The squad looks a little different than it might have 12 months ago — with young players like Jude Bellingham emerging — and the preparations are more rushed than Russia three years ago, when England reached the World Cup semi-final.

NONETHELESS Steve will enjoy having the best players in the country for a more prolonged period. ‘Normally they arrive on Sunday night, shattered. A couple of days recovery, then it’s the day before a game,’ he says. ‘We had four weeks to prepare for Russia and only had two players — Jordan Henderson and Trent Alexander-Arnold — late into camp because of the Champions League final. This time it’s a shorter period, two weeks and we’ve had 11 in European finals.

‘It means we have the full squad together for barely over a week before the first game. Better than normal, but not as good as it was in Russia.’

Russia was a golden time for England. They went to the tournament unfancied but were only 22 minutes away from reaching the final.

Despite that, lessons were still learned to try to take the final couple of steps.
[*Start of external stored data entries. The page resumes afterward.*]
(* Suppose $u_1$ is cyclically separable. For any Nash equilibrium $(\sigma_0^*,\sigma_1^*,\sigma_2^* )$ and any period-$t$ public history $h^t\in\mathrm{supp}(\mathbb{P}_t)$, the stage strategy $\sigma_1^*(h^t)$ is $u_1$-cyclically monotone.
   Context: Stage game. Three players $0,1,2$ have finite action sets $A_0,A_1,A_2$; $Y_0,Y_1$ are finite signal sets. Player 0 takes $a_0$, generating a signal $y_0\sim\rho_0(\cdot\mid a_0)$ observed only by player 1; players 1 and 2 then simultaneously take $a_1,a_2$, generating a public signal $y_1\sim\rho_1(\cdot\mid a_1,a_2)$. Assume: (i) $\rho_0(y_0\mid a_0)>0$ always; (ii) $\rho_1(y_1\mid a_1,a_2)>0$ implies $\rho_1(y_1\mid a_1,a_2')>0$; (iii) for every $a_2$ the vectors $(\rho_1(\cdot\mid a_1,a_2))_{a_1\in A_1}$ are linearly independent. Stage strategies: $\alpha_0\in\Delta(A_0)$, $\alpha_2\in\Delta(A_2)$, $s_1:Y_0\to\Delta(A_1)$. Payoffs $u_0:A_0\times A_1\to\mathbb{R}$, $u_i:Y_0\times A_1\times A_2\to\mathbb{R}$ extended by expectation; $u_1(\cdot,\alpha_2)$ is $(y_0,a_1)\mapsto\sum_{a_2}\alpha_2(a_2)u_1(y_0,a_1,a_2)$. Repeated game: periods $t=0,1,\dots$; player 1 long-lived with discount factor $\delta\in(0,1)$ and payoff $(1-\delta)\sum_t\delta^tu_1$; new myopic players 0 and 2 each period observe only the public history $h^t\in Y_1^t$. Player 1's type is drawn from a full-support prior on a countable set $\Omega$ consisting of a rational type $\omega_R$ and commitment types $\omega_{s_1}$ that play $s_1$ every period. In a Nash equilibrium $(\sigma_0^*,\sigma_1^*,\sigma_2^* )$, $\sigma_1^*$ is the rational type's strategy (a map from public histories to stage strategies), and $\mathbb{P}_t$ is the induced distribution over period-$t$ public histories conditional on player 1 being rational. For $u:Y_0\times A_1\to\mathbb{R}$, $S\subset Y_0\times A_1$ is $u$-cyclically monotone if for every finite $\{(x_i,y_i)\}_{i=1}^N\subset S$ (with $y_{N+1}=y_1$), $\sum_iu(x_i,y_i)\ge\sum_iu(x_i,y_{i+1})$. $u_1$ is cyclically separable if any $S$ that is $u_1(\cdot,\alpha_2)$-cyclically monotone for some $\alpha_2$ is so for all $\alpha_2$. A stage strategy $s_1$ is $u_1$-cyclically monotone if $\{(y_0,a_1):a_1\in\mathrm{supp}(s_1(y_0))\}$ is $u_1(\cdot,\alpha_2)$-cyclically monotone for all $\alpha_2$. *)

theory Defs
  imports "HOL-Probability.Probability"
begin
lemma orbit_eventually_periodic:
  fixes F :: "'a \<Rightarrow> 'a"
  assumes "\<not> inj (\<lambda>j. (F ^^ j) z)"
  shows "eventually_periodic (\<lambda>j. (F ^^ j) z)"
proof -
  obtain a b where ab: "a < b" "(F ^^ a) z = (F ^^ b) z"
  proof -
    obtain i j where ij: "i \<noteq> j" "(F ^^ i) z = (F ^^ j) z" using assms unfolding inj_def by blast
    then consider "i < j" | "j < i" by linarith
    then show thesis using that ij(2) by cases auto
  qed
  show ?thesis
  proof (rule eventually_periodicI[of "b - a" a])
    fix m assume "a \<le> m"
    have "(F ^^ (m + (b - a))) z = (F ^^ (m - a)) ((F ^^ b) z)"
      using funpow_split_apply[of b "m + (b - a)" F z] \<open>a \<le> m\<close> ab(1) by simp
    also have "\<dots> = (F ^^ m) z"
      using funpow_split_apply[of a m F z] \<open>a \<le> m\<close> ab(2) by simp
    finally show "(F ^^ (m + (b - a))) z = (F ^^ m) z" .
  qed (use ab in simp)
qed

lemma inj_eventually_avoids:
  fixes s :: "nat \<Rightarrow> 'a"
  assumes "inj s" "finite V"
  shows "\<exists>J. \<forall>j\<ge>J. s j \<notin> V"
proof -
  have "finite (s -` V)" using assms(2,1) by (rule finite_vimageI)
  then obtain J where J: "\<forall>j\<in>s -` V. j < J" using finite_nat_set_iff_bounded by blast
  have "s j \<notin> V" if "J \<le> j" for j using J that by (meson leD vimageI)
  then show ?thesis by blast
qed

text \<open>Three cases: the L-orbit of z eventually avoids the finite set where L and R differ,
  after which both orbits move by the injective R; or it is eventually periodic while the
  R-orbit eventually leaves every finite set; or both orbits are eventually periodic.\<close>
lemma mismatch_eventually_periodic:
  assumes LS: "L ` S \<subseteq> S" and RS: "R ` S \<subseteq> S" and inj: "inj_on R S"
    and fin: "finite {y\<in>S. L y \<noteq> R y}" and z: "z \<in> S"
  shows "eventually_periodic (\<lambda>j. (L ^^ j) z \<noteq> (R ^^ j) z)"
proof -
  consider "inj (\<lambda>j. (L ^^ j) z)"
    | "\<not> inj (\<lambda>j. (L ^^ j) z)" "inj (\<lambda>j. (R ^^ j) z)"
    | "\<not> inj (\<lambda>j. (L ^^ j) z)" "\<not> inj (\<lambda>j. (R ^^ j) z)"
    by blast
  then show ?thesis
  proof cases
    case 1
    then obtain J where J: "\<forall>j\<ge>J. (L ^^ j) z \<notin> {y\<in>S. L y \<noteq> R y}"
      using fin inj_eventually_avoids by blast
    show ?thesis
    proof (rule eventually_periodic_if_eventually_const)
      fix m assume "J \<le> m"
      then have "(L ^^ Suc m) z = R ((L ^^ m) z)"
        using J funpow_closed[OF LS z] by auto
      moreover have "(R ^^ Suc m) z = R ((R ^^ m) z)" by simp
      ultimately show "((L ^^ Suc m) z \<noteq> (R ^^ Suc m) z) = ((L ^^ m) z \<noteq> (R ^^ m) z)"
        using inj_on_eq_iff[OF inj funpow_closed[OF LS z] funpow_closed[OF RS z]] by simp
    qed
  next
    case 2
    have "finite (range (\<lambda>j. (L ^^ j) z))"
      using 2(1) by (intro eventually_periodic_finite_range orbit_eventually_periodic)
    with 2(2) obtain J where "\<forall>j\<ge>J. (R ^^ j) z \<notin> range (\<lambda>j. (L ^^ j) z)"
      using inj_eventually_avoids by blast
    then have "(L ^^ m) z \<noteq> (R ^^ m) z" if "J \<le> m" for m
      using that by (metis rangeI)
    then show ?thesis
      by (intro eventually_periodic_if_eventually_const[of J]) (simp only: le_SucI)
  next
    case 3
    then show ?thesis
      using eventually_periodic_map2[of "\<lambda>j. (L ^^ j) z" "\<lambda>j. (R ^^ j) z" "(\<noteq>)"]
      by (simp add: orbit_eventually_periodic)
  qed
qed

definition entry_times :: "('a \<Rightarrow> 'a) \<Rightarrow> 'a set \<Rightarrow> 'a set \<Rightarrow> 'a \<Rightarrow> nat set" where
  "entry_times R S D z = {k. \<exists>x\<in>S. (R ^^ k) x = z \<and> (\<forall>i<k. (R ^^ i) x \<notin> D)}"

lemma entry_times_downward_closed:
  assumes RS: "R ` S \<subseteq> S" and k: "k \<in> entry_times R S D z" and "k' \<le> k"
  shows "k' \<in> entry_times R S D z"
proof -
  obtain x where x: "x \<in> S" "(R ^^ k) x = z" "\<forall>i<k. (R ^^ i) x \<notin> D"
    using k unfolding entry_times_def by blast
  define x' where "x' = (R ^^ (k - k')) x"
  have "(R ^^ i) x' = (R ^^ (i + (k - k'))) x" for i
    by (simp add: x'_def funpow_add)
  then have "(R ^^ k') x' = z" "\<forall>i<k'. (R ^^ i) x' \<notin> D"
    using x(2,3) \<open>k' \<le> k\<close> by auto
  moreover have "x' \<in> S" unfolding x'_def using RS x(1) by (rule funpow_closed)
  ultimately show ?thesis unfolding entry_times_def by blast
qed
(* Let $G\in\{GL_n,SO_{2n+1},Sp_{2n},SO_{2n}\}$, $I\subseteq\Sigma_G^+$, and let $\lambda,\mu\in\mathcal P_n$ with $|\lambda|\ge|\mu|$. Then for every integer $k\ge\frac{|\lambda|-|\mu|}{2}$: $$\widetilde K^{G,I}_{\lambda,\mu}(q)=K^{G,I}_{\lambda+k\kappa,\mu+k\kappa}(q)\quad\text{if }G=GL_n,Sp_{2n},SO_{2n},\qquad \widetilde K^{SO_{2n+1},I}_{\lambda,\mu}(q)=\mathcal K^{SO_{2n+1},I}_{\lambda+k\kappa,\mu+k\kappa}(q).$$
   Context: Notation: $|\beta|=\sum_i\beta_i$; $\kappa=(1,\dots,1)\in\mathbb N^n$; $\rho=(n,\dots,1)$; $\mathcal P_n$ = nonincreasing $n$-tuples of nonnegative integers. $\varepsilon_1,\dots,\varepsilon_n$ is the standard basis of $\mathbb R^n$, and $e^\beta=x^\beta=x_1^{\beta_1}\cdots x_n^{\beta_n}$. Positive roots: $R^+_{GL_n}=\{\varepsilon_i-\varepsilon_j:i<j\}$; $R^+_{SO_{2n+1}}=\{\varepsilon_i\pm\varepsilon_j:i<j\}\cup\{\varepsilon_i\}$; $R^+_{Sp_{2n}}=\{\varepsilon_i\pm\varepsilon_j:i<j\}\cup\{2\varepsilon_i\}$; $R^+_{SO_{2n}}=\{\varepsilon_i\pm\varepsilon_j:i<j\}$. Simple roots $\Sigma_G^+$: $\alpha_i=\varepsilon_i-\varepsilon_{i+1}$ ($1\le i\le n-1$), plus for $SO_{2n+1}$: $\alpha_n=\varepsilon_n$, for $Sp_{2n}$: $\alpha_n=2\varepsilon_n$, for $SO_{2n}$: $\alpha_n=\varepsilon_{n-1}+\varepsilon_n$. $W_G$: $S_n$ (permutations of coordinates, $(\sigma\beta)_i=\beta_{\sigma(i)}$) for $GL_n$; all signed permutations for $SO_{2n+1},Sp_{2n}$; signed permutations with an even number of sign changes for $SO_{2n}$; $(-1)^{\ell(w)}=\det w$. $\rho_G$: $\rho_{GL_n}=\rho$, $\rho_{SO_{2n+1}}=(n-\frac12,\dots,\frac12)$, $\rho_{Sp_{2n}}=(n,\dots,1)$, $\rho_{SO_{2n}}=(n-1,\dots,0)$; dot action $w\circ\beta=w(\beta+\rho_G)-\rho_G$. For $I\subseteq\Sigma_G^+$, let $R^+_{G,I}$ be the set of positive roots lying in the $\mathbb Z$-span of $I$ and $S_{G,I}=R^+_G\setminus R^+_{G,I}$. Define $\mathcal P_q^{G,I}$ by $\prod_{\alpha\in S_{G,I}}(1-qe^\alpha)^{-1}=\sum_\beta\mathcal P^{G,I}_q(\beta)e^\beta$, and for $SO_{2n+1}$ define $\mathcal P^{SO_{2n+1},I}_{q,h}$ by $\prod_{\alpha\in S_{SO_{2n+1},I}}(1-q^{h(\alpha)}e^\alpha)^{-1}=\sum_\beta\mathcal P^{SO_{2n+1},I}_{q,h}(\beta)e^\beta$ where $h(\varepsilon_i)=2$ and $h(\alpha)=1$ for other roots. For $\lambda,\mu\in\mathbb Z^n$: $K^{G,I}_{\lambda,\mu}(q)=\sum_{w\in W_G}(-1)^{\ell(w)}\mathcal P^{G,I}_q(w\circ\lambda-\mu)$; $\mathcal K^{SO_{2n+1},I}_{\lambda,\mu}(q)=\sum_{w\in W_G}(-1)^{\ell(w)}\mathcal P^{SO_{2n+1},I}_{q,h}(w\circ\lambda-\mu)$; and the stable limit $\widetilde K^{G,I}_{\lambda,\mu}(q)=\sum_{\sigma\in S_n}(-1)^{\ell(\sigma)}\mathcal P^{G,I}_q(\sigma\circ\lambda-\mu)$ for $G=GL_n,Sp_{2n},SO_{2n}$, and $\widetilde K^{SO_{2n+1},I}_{\lambda,\mu}(q)=\sum_{\sigma\in S_n}(-1)^{\ell(\sigma)}\mathcal P^{SO_{2n+1},I}_{q,h}(\sigma\circ\lambda-\mu)$. *)

theory Defs
  imports Complex_Main "HOL-Combinatorics.Permutations"
begin

(* Conventions: coordinates are 0-indexed, i.e. coordinate i (0 <= i < n) of the
   paper's vectors is the value at i-1 ... here at index i.  Vectors in R^n are
   functions nat => rat; only the values at indices < n are meaningful. *)

type_synonym vec = "nat \<Rightarrow> rat"

datatype grp = GL | SO_odd | Sp | SO_even

definition eps :: "nat \<Rightarrow> vec" where
  "eps i = (\<lambda>k. if k = i then 1 else 0)"

definition vadd :: "vec \<Rightarrow> vec \<Rightarrow> vec" where
  "vadd a b = (\<lambda>k. a k + b k)"

definition vsub :: "vec \<Rightarrow> vec \<Rightarrow> vec" where
  "vsub a b = (\<lambda>k. a k - b k)"

definition vscale :: "rat \<Rightarrow> vec \<Rightarrow> vec" where
  "vscale c a = (\<lambda>k. c * a k)"

definition posroots :: "grp \<Rightarrow> nat \<Rightarrow> vec set" where
  "posroots G n =
     {vsub (eps i) (eps j) | i j. i < j \<and> j < n}
   \<union> (if G = GL then {} else {vadd (eps i) (eps j) | i j. i < j \<and> j < n})
   \<union> (if G = SO_odd then {eps i | i. i < n} else {})
   \<union> (if G = Sp then {vscale 2 (eps i) | i. i < n} else {})"

definition simple_roots :: "grp \<Rightarrow> nat \<Rightarrow> vec set" where
  "simple_roots G n =
     {vsub (eps i) (eps (Suc i)) | i. Suc i < n}
   \<union> (case G of
        GL \<Rightarrow> {}
      | SO_odd \<Rightarrow> (if 0 < n then {eps (n - 1)} else {})
      | Sp \<Rightarrow> (if 0 < n then {vscale 2 (eps (n - 1))} else {})
      | SO_even \<Rightarrow> (if 2 \<le> n then {vadd (eps (n - 2)) (eps (n - 1))} else {}))"

definition in_zspan :: "vec set \<Rightarrow> vec \<Rightarrow> bool" where
  "in_zspan I a \<longleftrightarrow> (\<exists>c :: vec \<Rightarrow> int. a = (\<lambda>k. \<Sum>b\<in>I. of_int (c b) * b k))"

definition SGI :: "grp \<Rightarrow> vec set \<Rightarrow> nat \<Rightarrow> vec set" where
  "SGI G I n = posroots G n - {a \<in> posroots G n. in_zspan I a}"

(* height function h: 2 on the short roots eps_i of SO_{2n+1}, 1 otherwise.
   With flag hflag = False all weights are 1 (the plain q-analogue). *)
definition hwt :: "bool \<Rightarrow> vec \<Rightarrow> nat" where
  "hwt hflag a = (if hflag \<and> (\<exists>i. a = eps i) then 2 else 1)"

(* coefficient of e^beta in prod_{a in S_{G,I}} (1 - q^{h(a)} e^a)^{-1}:
   sum over multiplicity functions m : S_{G,I} -> N with sum m(a) a = beta
   of q^(sum m(a) h(a)) *)
definition Pq :: "grp \<Rightarrow> vec set \<Rightarrow> nat \<Rightarrow> bool \<Rightarrow> 'a::comm_ring_1 \<Rightarrow> vec \<Rightarrow> 'a" where
  "Pq G I n hflag q beta =
     (\<Sum>m\<in>{m :: vec \<Rightarrow> nat. (\<forall>a. a \<notin> SGI G I n \<longrightarrow> m a = 0) \<and>
              (\<forall>i<n. (\<Sum>a\<in>SGI G I n. of_nat (m a) * a i) = beta i)}.
        q ^ (\<Sum>a\<in>SGI G I n. m a * hwt hflag a))"

definition rhoG :: "grp \<Rightarrow> nat \<Rightarrow> vec" where
  "rhoG G n = (\<lambda>i. case G of
        GL \<Rightarrow> of_nat n - of_nat i
      | SO_odd \<Rightarrow> of_nat n - of_nat i - 1/2
      | Sp \<Rightarrow> of_nat n - of_nat i
      | SO_even \<Rightarrow> of_nat n - of_nat i - 1)"

(* A signed permutation is a pair (sigma, s): (w x)_i = (-1)^{s i} x_{sigma i} *)
definition wact :: "(nat \<Rightarrow> nat) \<times> (nat \<Rightarrow> bool) \<Rightarrow> vec \<Rightarrow> vec" where
  "wact w x = (\<lambda>i. (if snd w i then -1 else 1) * x (fst w i))"

(* (-1)^{l(w)} = det w *)
definition wsign :: "nat \<Rightarrow> (nat \<Rightarrow> nat) \<times> (nat \<Rightarrow> bool) \<Rightarrow> int" where
  "wsign n w = sign (fst w) * (-1) ^ card {i. i < n \<and> snd w i}"

definition weyl :: "grp \<Rightarrow> nat \<Rightarrow> ((nat \<Rightarrow> nat) \<times> (nat \<Rightarrow> bool)) set" where
  "weyl G n = {(p, s). p permutes {..<n} \<and> (\<forall>i. n \<le> i \<longrightarrow> \<not> s i) \<and>
       (G = GL \<longrightarrow> (\<forall>i. \<not> s i)) \<and>
       (G = SO_even \<longrightarrow> even (card {i. i < n \<and> s i}))}"

definition dot :: "grp \<Rightarrow> nat \<Rightarrow> (nat \<Rightarrow> nat) \<times> (nat \<Rightarrow> bool) \<Rightarrow> vec \<Rightarrow> vec" where
  "dot G n w beta = vsub (wact w (vadd beta (rhoG G n))) (rhoG G n)"

definition ivec :: "(nat \<Rightarrow> int) \<Rightarrow> vec" where
  "ivec x = (\<lambda>i. of_int (x i))"

(* K^{G,I}_{lam,mu}(q) (hflag = False) resp. calligraphic K for SO_{2n+1} (hflag = True) *)
definition Kq :: "grp \<Rightarrow> vec set \<Rightarrow> nat \<Rightarrow> bool \<Rightarrow> 'a::comm_ring_1 \<Rightarrow>
                   (nat \<Rightarrow> int) \<Rightarrow> (nat \<Rightarrow> int) \<Rightarrow> 'a" where
  "Kq G I n hflag q lam mu =
     (\<Sum>w\<in>weyl G n. of_int (wsign n w) * Pq G I n hflag q (vsub (dot G n w (ivec lam)) (ivec mu)))"

definition Ktilde :: "grp \<Rightarrow> vec set \<Rightarrow> nat \<Rightarrow> bool \<Rightarrow> 'a::comm_ring_1 \<Rightarrow>
                   (nat \<Rightarrow> int) \<Rightarrow> (nat \<Rightarrow> int) \<Rightarrow> 'a" where
  "Ktilde G I n hflag q lam mu =
     (\<Sum>p\<in>{p. p permutes {..<n}}. of_int (sign p) *
        Pq G I n hflag q (vsub (dot G n (p, \<lambda>_. False) (ivec lam)) (ivec mu)))"

definition is_partition :: "nat \<Rightarrow> (nat \<Rightarrow> int) \<Rightarrow> bool" where
  "is_partition n lam \<longleftrightarrow> (\<forall>i<n. 0 \<le> lam i) \<and> (\<forall>i j. i \<le> j \<and> j < n \<longrightarrow> lam j \<le> lam i)"

definition wsize :: "nat \<Rightarrow> (nat \<Rightarrow> int) \<Rightarrow> int" where
  "wsize n lam = (\<Sum>i<n. lam i)"

definition shift :: "(nat \<Rightarrow> int) \<Rightarrow> int \<Rightarrow> (nat \<Rightarrow> int)" where
  "shift lam k = (\<lambda>i. lam i + k)"

end

theory Submission
  imports Defs
begin

text \<open>Every positive root has nonnegative coordinate sum, so \<open>\<P>\<^sub>q(\<beta>)\<close> vanishes whenever
  \<open>\<beta>\<close> has negative coordinate sum. For \<open>k \<ge> (|\<lambda>| - |\<mu>|)/2\<close>, every Weyl group element
  with a sign change sends \<open>\<lambda> + k\<kappa>\<close> under the dot action to a weight whose coordinate sum
  is smaller than that of \<open>\<mu> + k\<kappa>\<close>: a negated coordinate of \<open>\<lambda> + k\<kappa> + \<rho>\<^sub>G\<close> exceeds \<open>k\<close>
  and costs twice its value. Only the terms of plain permutations survive in \<open>K\<close>, and for
  these the dot action commutes with the shift by \<open>k\<kappa>\<close>.\<close>

lemma sum_eps: "(\<Sum>k<n. eps i k) = (if i < n then 1 else 0)"
  unfolding eps_def by (simp add: sum.delta)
Steve studied the World Cup winners in detail to see if any of their strategies could benefit England this summer.

‘I looked at France’s seven matches with a fine- tooth comb, their shape, selections, substitutions,’ he says. ‘It interested me that Antoine Griezmann started every game but didn’t play the full 90 minutes until the semi-final against Belgium. When I reflect on us and what Harry Kane did compared to that, there are lessons to be learned. ‘To get through seven matches in 27 days — and some may go the extra half-hour—is very physically demanding, particularly in heat. ‘So there are things we will maybe look on a little bit differently next time. The day you reflect positively on everything is the day you fail to progress.’ Kane looked tired in that semi-final, having played every minute of the knockout stages including two extra-time periods. As Southgate’s captain and talisman, it will be interesting to see how he is paced during the European Championship.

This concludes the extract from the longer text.